Communiqués de presse récents

Externalisation de CFF Cargo : un pas dangereux vers une possible privatisation

Travail.Suisse, l’organisation faîtière indépendante des travailleurs et travailleuses, critique la décision prise par la Commission des transports et des télécommunications (CTT) du Conseil national de demander au Conseil fédéral, dans le cadre du projet de loi fédérale sur l’organisation de l’infrastructure ferroviaire, des propositions en vue de transformer CFF Cargo en entreprise autonome. suite

Il est à craindre en effet qu’une possible intégration de CFF Cargo en tant que société autonomie dans une structure de groupe d’entreprises (Holding) soit une étape vers une privatisation de la société. Il existe ainsi une menace potentielle pour les conditions de travail réglementées par CCT qui se verraient péjorées.

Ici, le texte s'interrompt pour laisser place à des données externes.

(* Let $(S,\ast)$ be an adequate commutative partial semigroup. Then $J_\delta(S)$ is a closed two-sided ideal of $\delta S$.
   Context: A partial semigroup is a pair $(S,\ast)$ where $\ast$ is an operation defined on a subset of $S\times S$ such that for all $x,y,z\in S$, $(x\ast y)\ast z=x\ast(y\ast z)$ in the sense that if either side is defined, so is the other and they are equal; it is commutative if $x\ast y=y\ast x$ whenever defined. For $s\in S$, $\phi_S(s)=\{t\in S: s\ast t\text{ is defined}\}$; for $H\in\mathcal{P}_f(S)$ (finite nonempty subsets), $\sigma_S(H)=\bigcap_{s\in H}\phi_S(s)$. $(S,\ast)$ is adequate if $\sigma_S(H)\ne\emptyset$ for all $H\in\mathcal{P}_f(S)$. $\beta S$ is the Stone–Čech compactification of discrete $S$ (ultrafilters on $S$, with basic open sets $\overline{A}=\{p: A\in p\}$), and $\delta S=\bigcap_{x\in S}\overline{\phi_S(x)}\subseteq\beta S$. For $s\in S$ and $A\subseteq S$, $s^{-1}A=\{t\in\phi_S(s): s\ast t\in A\}$; for $p\in\beta S$, $q\in\delta S$, $p\ast q=\{A\subseteq S:\{s\in S: s^{-1}A\in q\}\in p\}$. With this operation $\delta S$ is a compact right topological semigroup. A sequence $\langle y_n\rangle$ in $S$ is adequate if $\prod_{n\in F}y_n$ is defined for every $F\in\mathcal{P}_f(\mathbb{N})$ and for every $K\in\mathcal{P}_f(S)$ there is $m$ with $\prod_{n\in F}y_n\in\sigma_S(K)$ for all $F\in\mathcal{P}_f(\mathbb{N})$ with $\min F\ge m$. $\mathcal{T}_S$ is the set of adequate sequences in $S$. For $W\in\mathcal{P}_f(S)$, $a\in S$, $W\ast a=\{w\ast a: w\in W,\ w\ast a\text{ defined}\}$. $A\subseteq S$ is a $J_\delta$-set if for every $F\in\mathcal{P}_f(\mathcal{T}_S)$ and $W\in\mathcal{P}_f(S)$ there exist $a\in\sigma_S(W)$ and $H\in\mathcal{P}_f(\mathbb{N})$ such that for each $f\in F$, $\prod_{t\in H}f(t)\in\sigma_S(W\ast a)$ and $a\ast\prod_{t\in H}f(t)\in A$. $J_\delta(S)=\{p\in\delta S: \text{every } A\in p \text{ is a } J_\delta\text{-set}\}$. *)

theory Defs
  imports Main
begin

text \<open>A partial operation on the ground type 'a (the set S is the universe of 'a);
  None means "undefined".\<close>
type_synonym 'a pop = "'a \<Rightarrow> 'a \<Rightarrow> 'a option"

definition partial_semigroup :: "'a pop \<Rightarrow> bool" where
  "partial_semigroup op \<longleftrightarrow>
     (\<forall>x y z. Option.bind (op x y) (\<lambda>u. op u z) = Option.bind (op y z) (\<lambda>v. op x v))"

definition commutative_ps :: "'a pop \<Rightarrow> bool" where
  "commutative_ps op \<longleftrightarrow> (\<forall>x y. op x y = op y x)"

definition phiS :: "'a pop \<Rightarrow> 'a \<Rightarrow> 'a set" where
  "phiS op s = {t. op s t \<noteq> None}"

definition sigmaS :: "'a pop \<Rightarrow> 'a set \<Rightarrow> 'a set" where
  "sigmaS op H = (\<Inter>s\<in>H. phiS op s)"

definition adequate :: "'a pop \<Rightarrow> bool" where
  "adequate op \<longleftrightarrow> (\<forall>H. finite H \<and> H \<noteq> {} \<longrightarrow> sigmaS op H \<noteq> {})"

definition ultrafilter_on :: "'a set set \<Rightarrow> bool" where
  "ultrafilter_on p \<longleftrightarrow>
     UNIV \<in> p \<and> {} \<notin> p \<and>
     (\<forall>A B. A \<in> p \<and> A \<subseteq> B \<longrightarrow> B \<in> p) \<and>
     (\<forall>A B. A \<in> p \<and> B \<in> p \<longrightarrow> A \<inter> B \<in> p) \<and>
     (\<forall>A. A \<in> p \<or> - A \<in> p)"
lemma residual_leaves_cut:
  assumes "crossed_twice H C S"
  shows "\<exists>e\<in>residual H C P. fst e \<in> S \<and> snd e \<notin> S"
  using assms unfolding crossed_twice_def
proof (elim disjE bexE conjE)
  fix e e' assume e: "e \<in> H" "e' \<in> H" "e \<noteq> e'"
    and leave: "fst e \<in> S" "snd e \<notin> S" "fst e' \<in> S" "snd e' \<notin> S"
  show ?thesis
  proof (cases "e \<in> links P \<and> e' \<in> links P")
    case True
    then obtain x where x: "x \<in> links P" "fst x \<notin> S" "snd x \<in> S"
      using path_enters_between_exits e(3) leave by blast
    have "prod.swap x \<in> residual H C P"
      using x(1) by (cases x) (simp add: residual_def)
    then show ?thesis using x by (intro bexI) (simp_all add: fst_swap snd_swap)
  next
    case False
    then show ?thesis using e leave by (auto simp: residual_def)
  qed
qed (auto simp: residual_def)

text \<open>Augmenting the path P along a path Q of the residual network yields a flow of value two:
  the backward links of Q cancel links of P, and a link is used twice only if it lies on P
  and is traversed forward by Q, which the residual network allows only for links in C.\<close>

lemma augment_along_residual_path:
  assumes P: "simple_path H s t P" and Q: "simple_path (residual H C P) s t Q"
  obtains M where "st_flow M s t 2" "set_mset M \<subseteq> H" "\<And>e. 2 \<le> count M e \<Longrightarrow> e \<in> C"
proof -
  define fwd where "fwd e \<longleftrightarrow> e \<in> H \<and> (e \<in> C \<or> e \<notin> links P)" for e
  define LP where "LP = mset (link_list P)"
  define F where "F = filter_mset fwd (mset (link_list Q))"
  define Bw where "Bw = filter_mset (\<lambda>e. \<not> fwd e) (mset (link_list Q))"
  define M where "M = LP + F - image_mset prod.swap Bw"
  have dP: "distinct (link_list P)" and dQ: "distinct (link_list Q)"
    using P Q by (simp_all add: simple_path_def distinct_link_list)
  have "image_mset prod.swap Bw = mset (map prod.swap (filter (\<lambda>e. \<not> fwd e) (link_list Q)))"
    by (simp add: Bw_def)
  also have "\<dots> \<subseteq># LP"
    unfolding LP_def using dQ Q
    by (intro mset_subset_if_distinct)
      (auto simp: distinct_map inj_on_def simple_path_def residual_def fwd_def links_eq_set_link_list)
  finally have cancelled: "image_mset prod.swap Bw \<subseteq># LP" .
  have "st_flow LP s t 1" "st_flow (F + Bw) s t 1"
    using st_flow_link_list[of P] st_flow_link_list[of Q] P Q multiset_partition[of "mset (link_list Q)" fwd]
    by (simp_all add: LP_def F_def Bw_def simple_path_def)
  then have "st_flow M s t (1 + 1)"
    unfolding M_def by (rule st_flow_cancel_reversed[OF _ _ cancelled])
  then have "st_flow M s t 2" by (simp add: numeral_2_eq_2)
  moreover have "set_mset M \<subseteq> H"
    using P by (auto simp: M_def LP_def F_def fwd_def simple_path_def links_eq_set_link_list dest!: in_diffD)
  moreover have "e \<in> C" if "2 \<le> count M e" for e
  proof -
    have "count LP e \<le> 1" "count F e \<le> 1"
      using count_mset_le_1_if_distinct[OF dP] count_mset_le_1_if_distinct[OF dQ]
      by (simp_all add: LP_def F_def)
    moreover have "count M e \<le> count LP e + count F e" by (simp add: M_def)
    ultimately have "0 < count LP e" "0 < count F e" using that by linarith+
    then have "e \<in># LP" "e \<in># F" by simp_all
    then show "e \<in> C" by (auto simp: LP_def F_def fwd_def links_eq_set_link_list)
  qed
  ultimately show ?thesis using that by blast
qed

theorem two_paths_if_cuts_crossed_twice:
  assumes "finite H" and cuts: "\<And>S. s \<in> S \<Longrightarrow> t \<notin> S \<Longrightarrow> crossed_twice H C S"
  obtains P1 P2 where "simple_path H s t P1" "simple_path H s t P2" "links P1 \<inter> links P2 \<subseteq> C"
proof -
  have "(s, t) \<in> H\<^sup>*"
    using assms(1) cuts by (intro rtrancl_if_cuts_crossed) (auto simp: crossed_twice_def)
  then obtain P where P: "simple_path H s t P" by (blast dest: rtrancl_imp_simple_path)
  have "(s, t) \<in> (residual H C P)\<^sup>*"
    using finite_residual[OF assms(1)] cuts residual_leaves_cut by (intro rtrancl_if_cuts_crossed) blast+
  then obtain Q where Q: "simple_path (residual H C P) s t Q" by (blast dest: rtrancl_imp_simple_path)
  obtain M where M: "st_flow M s t 2" "set_mset M \<subseteq> H" "\<And>e. 2 \<le> count M e \<Longrightarrow> e \<in> C"
    using augment_along_residual_path[OF P Q] by blast
  obtain P1 P2 where "simple_path (set_mset M) s t P1" "simple_path (set_mset M) s t P2"
    and "\<forall>e\<in>links P1 \<inter> links P2. 2 \<le> count M e"
    using st_flow_two_simple_paths[OF M(1)] by blast
  then have "simple_path H s t P1" "simple_path H s t P2" "links P1 \<inter> links P2 \<subseteq> C"
    using M(2,3) by (auto simp: simple_path_def)
  then show ?thesis by (rule that)
qed

lemma excl_run_links_disjoint: "excl_run p q i j \<Longrightarrow> links (subpath p i j) \<inter> links q = {}"
  by (auto simp: excl_run_def in_links_subpath_iff)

La décision de la commission des transports du Conseil national est de nature idéologique car elle ne répond pas à une nécessité : « Le message du Conseil fédéral relatif à l’organisation de l’infrastructure ferroviaire (OBI) arrive à la conclusion, après l’audition d’experts indépendants, qu’il n’est pas nécessaire de modifier la structure actuelle des CFF dans l’environnement concurrentiel actuel et dans le paysage ferroviaire établi en Suisse » relève en effet Denis Torche, responsable du dossier service public. Il faut espérer dès lors que le Conseil national ne suivra pas l’orientation de sa commission concernant CFF Cargo. Et si ce n’était pas le cas, Travail.Suisse pourrait intervenir auprès du Conseil des Etats pour corriger le tir.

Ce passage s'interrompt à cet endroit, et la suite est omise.